GIVEN ENTRIES -
(* Let $L$ be a Lie algebra over a field $F$ satisfying an identity \[f(x_0,x_1,\dots,x_{n-1})=[x_0,x_1,\dots,x_{n-1}]+\sum_{1\ne\sigma\in S_{n-1}}\alpha_\sigma[x_0,x_{\sigma(1)},\dots,x_{\sigma(n-1)}]=0,\quad\alpha_\sigma\in F,\] where $n$ is the minimal degree of an identity satisfied by $L$. Let $f_1(x_0,x_2,\dots,x_{n-1})=[x_0,x_2,\dots,x_{n-1}]+\sum_{1\ne\sigma\in S_{n-1},\,\sigma(1)=1}\alpha_\sigma[x_0,x_{\sigma(2)},\dots,x_{\sigma(n-1)}]$. Then for arbitrary elements $a,b_2,\dots,b_{n-1},c\in\tilde L=L\otimes_FE$, \[[f_1(a,b_2,\dots,b_{n-1}),c]\in\sum F[a,b_{i_2},\dots,[b_{i_k},c],\dots,b_{i_{n-1}}],\] where the sum runs over all permutations $i_2,\dots,i_{n-1}$ of $2,\dots,n-1$ and all positions $2\le k\le n-1$.
   Context: Commutators are left-normed: $[a,b,c,\dots]=[\cdots[[a,b],c],\dots]$. $E$ is the commutative associative $F$-algebra without unit generated by $e_1,e_2,\dots$ with relations $e_i^2=0$, and $\tilde L=L\otimes_FE$ with $[x\otimes\alpha,y\otimes\beta]=[x,y]\otimes\alpha\beta$. *)

theory Defs
  imports Main HOL.Vector_Spaces "HOL-Combinatorics.Permutations" "HOL-Library.Function_Algebras"
begin

locale lie_algebra = vector_space sc
  for sc :: "'f::field \<Rightarrow> 'v::ab_group_add \<Rightarrow> 'v" +
  fixes br :: "'v \<Rightarrow> 'v \<Rightarrow> 'v"
  assumes br_add_left: "br (x + y) z = br x z + br y z"
    and br_add_right: "br x (y + z) = br x y + br x z"
    and br_scale_left: "br (sc c x) y = sc c (br x y)"
    and br_scale_right: "br x (sc c y) = sc c (br x y)"
    and br_alt: "br x x = 0"
    and jacobi: "br (br x y) z + br (br y z) x + br (br z x) y = 0"

definition lnc :: "('v \<Rightarrow> 'v \<Rightarrow> 'v) \<Rightarrow> 'v \<Rightarrow> 'v list \<Rightarrow> 'v" where
  "lnc br x0 xs = foldl br x0 xs"

definition mlpoly ::
  "('f \<Rightarrow> 'v::comm_monoid_add \<Rightarrow> 'v) \<Rightarrow> ('v \<Rightarrow> 'v \<Rightarrow> 'v) \<Rightarrow> nat \<Rightarrow> ((nat \<Rightarrow> nat) \<Rightarrow> 'f) \<Rightarrow> (nat \<Rightarrow> 'v) \<Rightarrow> 'v"
  where
  "mlpoly sc br m \<beta> x =
     (\<Sum>\<sigma> \<in> {\<sigma>. \<sigma> permutes {1..<m}}. sc (\<beta> \<sigma>) (lnc br (x 0) (map (\<lambda>i. x (\<sigma> i)) [1..<m])))"

definition satisfies_ml_identity ::
  "('f::zero \<Rightarrow> 'v::comm_monoid_add \<Rightarrow> 'v) \<Rightarrow> ('v \<Rightarrow> 'v \<Rightarrow> 'v) \<Rightarrow> nat \<Rightarrow> ((nat \<Rightarrow> nat) \<Rightarrow> 'f) \<Rightarrow> bool"
  where
  "satisfies_ml_identity sc br m \<beta> \<longleftrightarrow> (\<forall>x. mlpoly sc br m \<beta> x = 0)"

(* The coefficient vector beta is nonzero (as a multilinear Lie polynomial of degree m;
   the left-normed words [x_0, x_sigma(1), ...] form a basis of the multilinear part). *)
definition nonzero_coeffs :: "nat \<Rightarrow> ((nat \<Rightarrow> nat) \<Rightarrow> 'f::zero) \<Rightarrow> bool" where
  "nonzero_coeffs m \<beta> \<longleftrightarrow> (\<exists>\<sigma>. \<sigma> permutes {1..<m} \<and> \<beta> \<sigma> \<noteq> 0)"

(* E = commutative non-unital algebra generated by e_1,e_2,... with e_i^2 = 0.
   A basis of E is e_S = prod_{i in S} e_i for finite nonempty S \<subseteq> nat, with
   e_S e_T = e_{S \<union> T} if S \<inter> T = {} and 0 otherwise.
   Hence L \<otimes>_F E \<cong> finitely supported functions u : nat set \<Rightarrow> L with
   u S = 0 unless S is finite and nonempty (u = sum_S u(S) \<otimes> e_S). *)
definition ltilde :: "(nat set \<Rightarrow> 'v::zero) set" where
  "ltilde = {u. finite {S. u S \<noteq> 0} \<and> (\<forall>S. u S \<noteq> 0 \<longrightarrow> finite S \<and> S \<noteq> {})}"

definition tsc :: "('f \<Rightarrow> 'v \<Rightarrow> 'v) \<Rightarrow> 'f \<Rightarrow> (nat set \<Rightarrow> 'v) \<Rightarrow> (nat set \<Rightarrow> 'v)" where
  "tsc sc c u = (\<lambda>S. sc c (u S))"

(* bracket on L~: [x \<otimes> e_T, y \<otimes> e_U] = [x,y] \<otimes> e_T e_U *)
definition tbr :: "('v::comm_monoid_add \<Rightarrow> 'v \<Rightarrow> 'v) \<Rightarrow> (nat set \<Rightarrow> 'v) \<Rightarrow> (nat set \<Rightarrow> 'v) \<Rightarrow> (nat set \<Rightarrow> 'v)"
  where
  "tbr br u v = (\<lambda>S. if finite S then
       (\<Sum>T \<in> {T. T \<subseteq> S \<and> T \<noteq> {} \<and> T \<noteq> S}. br (u T) (v (S - T))) else 0)"

end

theory Submission
  imports Defs
begin

text \<open>The identity is multilinear, so it survives extension of scalars to \<open>E\<close>. Substitute
  \<open>x\<^sub>0 = c\<close>, \<open>x\<^sub>1 = a\<close>, \<open>x\<^sub>i = b\<^sub>i\<close> in it. A term with \<open>\<sigma>(1) = 1\<close> equals
  \<open>-[[a, c], b\<^bsub>\<sigma>(2)\<^esub>, \<dots>]\<close>, and since \<open>ad c\<close> is a derivation it differs from
  \<open>[[a, b\<^bsub>\<sigma>(2)\<^esub>, \<dots>], c]\<close> by a combination of the words
  \<open>[a, \<dots>, [b\<^sub>i, c], \<dots>]\<close>. Every other term is \<open>-[[b\<^sub>s, c], \<dots>]\<close> with \<open>a\<close> among the
  remaining letters, and repeated use of the Jacobi identity moves \<open>a\<close> to the head, again
  producing such words. Hence \<open>[f\<^sub>1(a, b), c]\<close> lies in their span.\<close>

lemma lnc_Nil [simp]: "lnc f u [] = u"
  by (simp add: lnc_def)

lemma lnc_Cons: "lnc f u (x # xs) = lnc f (f u x) xs"
  by (simp add: lnc_def)

lemma lnc_snoc: "lnc f u (xs @ [x]) = f (lnc f u xs) x"
  by (simp add: lnc_def)

lemma lnc_append: "lnc f u (xs @ ys) = lnc f (lnc f u xs) ys"
  by (simp add: lnc_def)

text \<open>Anticommutativity rather than \<open>[x, x] = 0\<close>: it is what the bracket of \<open>L \<otimes> E\<close> inherits
  termwise, and it suffices for the argument.\<close>

locale anticomm_jacobi = module sc
  for sc :: "'f::comm_ring_1 \<Rightarrow> 'v::ab_group_add \<Rightarrow> 'v" +
  fixes br :: "'v \<Rightarrow> 'v \<Rightarrow> 'v"
  assumes bracket_add_left: "br (x + y) z = br x z + br y z"
    and bracket_add_right: "br x (y + z) = br x y + br x z"
    and bracket_scale_left: "br (sc c x) y = sc c (br x y)"
    and bracket_scale_right: "br x (sc c y) = sc c (br x y)"
    and bracket_anticomm: "br x y = - br y x"
    and bracket_jacobi: "br (br x y) z + br (br y z) x + br (br z x) y = 0"

sublocale lie_algebra \<subseteq> anticomm_jacobi sc br
proof
  fix x y
  have "br x x + br y y + (br x y + br y x) = br (x + y) (x + y)"
    by (simp add: br_add_left br_add_right ac_simps)
  then show "br x y = - br y x" by (simp add: br_alt eq_neg_iff_add_eq_0)
qed (simp_all add: br_add_left br_add_right br_scale_left br_scale_right jacobi)

context anticomm_jacobi
begin

lemma bracket_zero_left [simp]: "br 0 y = 0"
  using bracket_add_left[of 0 0 y] by simp

lemma bracket_zero_right [simp]: "br x 0 = 0"
  using bracket_add_right[of x 0 0] by simp

lemma bracket_minus_left: "br (- x) y = - br x y"
  using bracket_add_left[of x "- x" y] by (simp add: add_eq_0_iff)

lemma bracket_diff_left: "br (x - y) z = br x z - br y z"
  by (simp only: diff_conv_add_uminus bracket_add_left bracket_minus_left)

lemma bracket_sum_left: "br (sum f A) y = (\<Sum>x\<in>A. br (f x) y)"
  by (induction A rule: infinite_finite_induct) (auto simp: bracket_add_left)

lemma bracket_bracket_right: "br v (br w y) = br (br v w) y - br (br v y) w"
proof -
  have "br (br v w) y + br (br w y) v + br (br y v) w = 0" by (rule bracket_jacobi)
  moreover have "br (br w y) v = - br v (br w y)" by (rule bracket_anticomm)
  moreover have "br (br y v) w = - br (br v y) w"
    by (simp add: bracket_anticomm[of y v] bracket_minus_left)
  ultimately show ?thesis by (simp add: algebra_simps eq_neg_iff_add_eq_0)
qed

lemma lnc_add: "lnc br (u + v) xs = lnc br u xs + lnc br v xs"
  by (induction xs arbitrary: u v) (simp_all add: lnc_Cons bracket_add_left)

lemma lnc_scale: "lnc br (sc c u) xs = sc c (lnc br u xs)"
  by (induction xs arbitrary: u) (simp_all add: lnc_Cons bracket_scale_left)

lemma lnc_minus: "lnc br (- u) xs = - lnc br u xs"
  by (induction xs arbitrary: u) (simp_all add: lnc_Cons bracket_minus_left)

lemma span_additive_image:
  assumes add: "\<And>x y. g (x + y) = g x + g y"
    and scale: "\<And>c x. g (sc c x) = sc c (g x)"
    and gen: "\<And>x. x \<in> S \<Longrightarrow> g x \<in> span T"
    and x: "x \<in> span S"
  shows "g x \<in> span T"
  using x
proof (induction rule: span_induct_alt)
  case base
  have "g 0 = 0" using add[of 0 0] by simp
  then show ?case by (simp add: span_zero)
next
  case (step c x y)
  then show ?case by (simp add: add scale span_add span_scale gen)
qed

lemma bracket_lnc_leibniz:
  "br (lnc br a ys) c - lnc br (br a c) ys
     \<in> span {lnc br a (ys[k := br (ys ! k) c]) | k. k < length ys}"
proof (induction ys rule: rev_induct)
  case Nil
  then show ?case by (simp add: lnc_Cons span_zero)
next
  case (snoc y ys)
  let ?S = "span {lnc br a ((ys @ [y])[k := br ((ys @ [y]) ! k) c]) | k. k < length (ys @ [y])}"
  have split: "br (lnc br a (ys @ [y])) c - lnc br (br a c) (ys @ [y]) =
      br (br (lnc br a ys) c - lnc br (br a c) ys) y + lnc br a (ys @ [br y c])"
    using bracket_bracket_right[of "lnc br a ys" y c]
    by (simp add: lnc_snoc bracket_diff_left algebra_simps)
  have "br (br (lnc br a ys) c - lnc br (br a c) ys) y \<in> ?S"
  proof (rule span_additive_image[where g = "\<lambda>t. br t y", OF _ _ _ snoc.IH])
    fix t assume "t \<in> {lnc br a (ys[k := br (ys ! k) c]) | k. k < length ys}"
    then obtain k where t: "t = lnc br a (ys[k := br (ys ! k) c])" and k: "k < length ys"
      by blast
    have "br t y = lnc br a ((ys @ [y])[k := br ((ys @ [y]) ! k) c])"
      using k by (simp add: t lnc_snoc list_update_append nth_append)
    then show "br t y \<in> ?S" using k by (intro span_base) force
  qed (simp_all add: bracket_add_left bracket_scale_left)
  moreover have "lnc br a (ys @ [br y c]) \<in> ?S"
    by (intro span_base CollectI exI[of _ "length ys"]) (simp add: list_update_append)
  ultimately show ?case unfolding split by (rule span_add)
qed

lemma bracket_lnc_in_span_lnc:
  assumes "distinct (z # xs)"
  shows "br v (lnc br (H z) (map H xs))
     \<in> span {lnc br v (map H qs) | qs. distinct qs \<and> set qs = set (z # xs)}"
  using assms
proof (induction xs arbitrary: v rule: rev_induct)
  case Nil
  show ?case by (intro span_base CollectI exI[of _ "[z]"]) (simp add: lnc_Cons)
next
  case (snoc x xs)
  let ?w = "lnc br (H z) (map H xs)"
  let ?S = "span {lnc br v (map H qs) | qs. distinct qs \<and> set qs = set (z # xs @ [x])}"
  have dist: "distinct (z # xs)" using snoc.prems by simp
  have split: "br v (lnc br (H z) (map H (xs @ [x]))) = br (br v ?w) (H x) - br (br v (H x)) ?w"
    by (simp add: lnc_snoc bracket_bracket_right)
  have "br (br v ?w) (H x) \<in> ?S"
  proof (rule span_additive_image[where g = "\<lambda>t. br t (H x)", OF _ _ _ snoc.IH[OF dist]])
    fix t assume "t \<in> {lnc br v (map H qs) | qs. distinct qs \<and> set qs = set (z # xs)}"
    then obtain qs where "t = lnc br v (map H qs)" "distinct qs" "set qs = set (z # xs)"
      by blast
    then show "br t (H x) \<in> ?S"
      using snoc.prems by (intro span_base CollectI exI[of _ "qs @ [x]"]) (auto simp: lnc_snoc)
  qed (simp_all add: bracket_add_left bracket_scale_left)
  moreover have "br (br v (H x)) ?w \<in> ?S"
  proof (rule span_mono[THEN subsetD, OF _ snoc.IH[OF dist]])
    show "{lnc br (br v (H x)) (map H qs) | qs. distinct qs \<and> set qs = set (z # xs)}
        \<subseteq> {lnc br v (map H qs) | qs. distinct qs \<and> set qs = set (z # xs @ [x])}"
    proof clarify
      fix qs assume "distinct qs" "set qs = set (z # xs)"
      then show "\<exists>qs'. lnc br (br v (H x)) (map H qs) = lnc br v (map H qs') \<and>
          distinct qs' \<and> set qs' = set (z # xs @ [x])"
        using snoc.prems by (intro exI[of _ "x # qs"]) (auto simp: lnc_Cons)
    qed
  qed
  ultimately show ?case unfolding split by (rule span_diff)
qed

text \<open>Any letter \<open>G p\<close> can be moved to the head of a left-normed commutator; the old head
  \<open>u\<close> then occurs among the remaining letters, under the fresh index \<open>z\<close>.\<close>

lemma lnc_in_span_lnc_headed:
  assumes dist: "distinct ks" and p: "p \<in> set ks" and z: "z \<notin> set ks"
  shows "lnc br u (map G ks) \<in> span {lnc br (G p) (map (G(z := u)) qs) | qs.
           distinct qs \<and> set qs = insert z (set ks - {p})}"
proof -
  obtain xs ys where ks: "ks = xs @ p # ys" using split_list[OF p] by blast
  let ?H = "G(z := u)"
  let ?S = "span {lnc br (G p) (map ?H qs) | qs. distinct qs \<and> set qs = insert z (set ks - {p})}"
  have unchanged: "map ?H xs = map G xs" "map ?H ys = map G ys" using z ks by auto
  have head: "lnc br u (map G ks) = lnc br (- br (G p) (lnc br (?H z) (map ?H xs))) (map ?H ys)"
    by (simp add: ks lnc_append lnc_Cons unchanged bracket_anticomm[of _ "G p"])
  have "distinct (z # xs)" using dist z ks by auto
  from this[THEN bracket_lnc_in_span_lnc] show ?thesis unfolding head
  proof (rule span_additive_image[where g = "\<lambda>t. lnc br (- t) (map ?H ys)", rotated 3])
    fix t assume "t \<in> {lnc br (G p) (map ?H qs) | qs. distinct qs \<and> set qs = set (z # xs)}"
    then obtain qs where "t = lnc br (G p) (map ?H qs)" "distinct qs" "set qs = set (z # xs)"
      by blast
    then have "lnc br t (map ?H ys) \<in> ?S"
      using dist z by (intro span_base CollectI exI[of _ "qs @ ys"]) (auto simp: ks lnc_append)
    then show "lnc br (- t) (map ?H ys) \<in> ?S" by (simp add: lnc_minus span_neg)
  qed (simp_all only: minus_add_distrib lnc_add lnc_minus lnc_scale scale_minus_right)
qed

end

section \<open>Extension of scalars to \<open>E\<close>\<close>

lemma sum_fun_apply: "(\<Sum>i\<in>A. f i) x = (\<Sum>i\<in>A. f i x)"
  by (induction A rule: infinite_finite_induct) auto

ABOUT THIS EXERCISE - Go through the data and show every line where "esub" occurs.

THE COMPLETED TASK -
  \<open>-[[a, c], b\<^bsub>\<sigma>(2)\<^esub>, \<dots>]\<close>, and since \<open>ad c\<close> is a derivation it differs from
  \<open>[[a, b\<^bsub>\<sigma>(2)\<^esub>, \<dots>], c]\<close> by a combination of the words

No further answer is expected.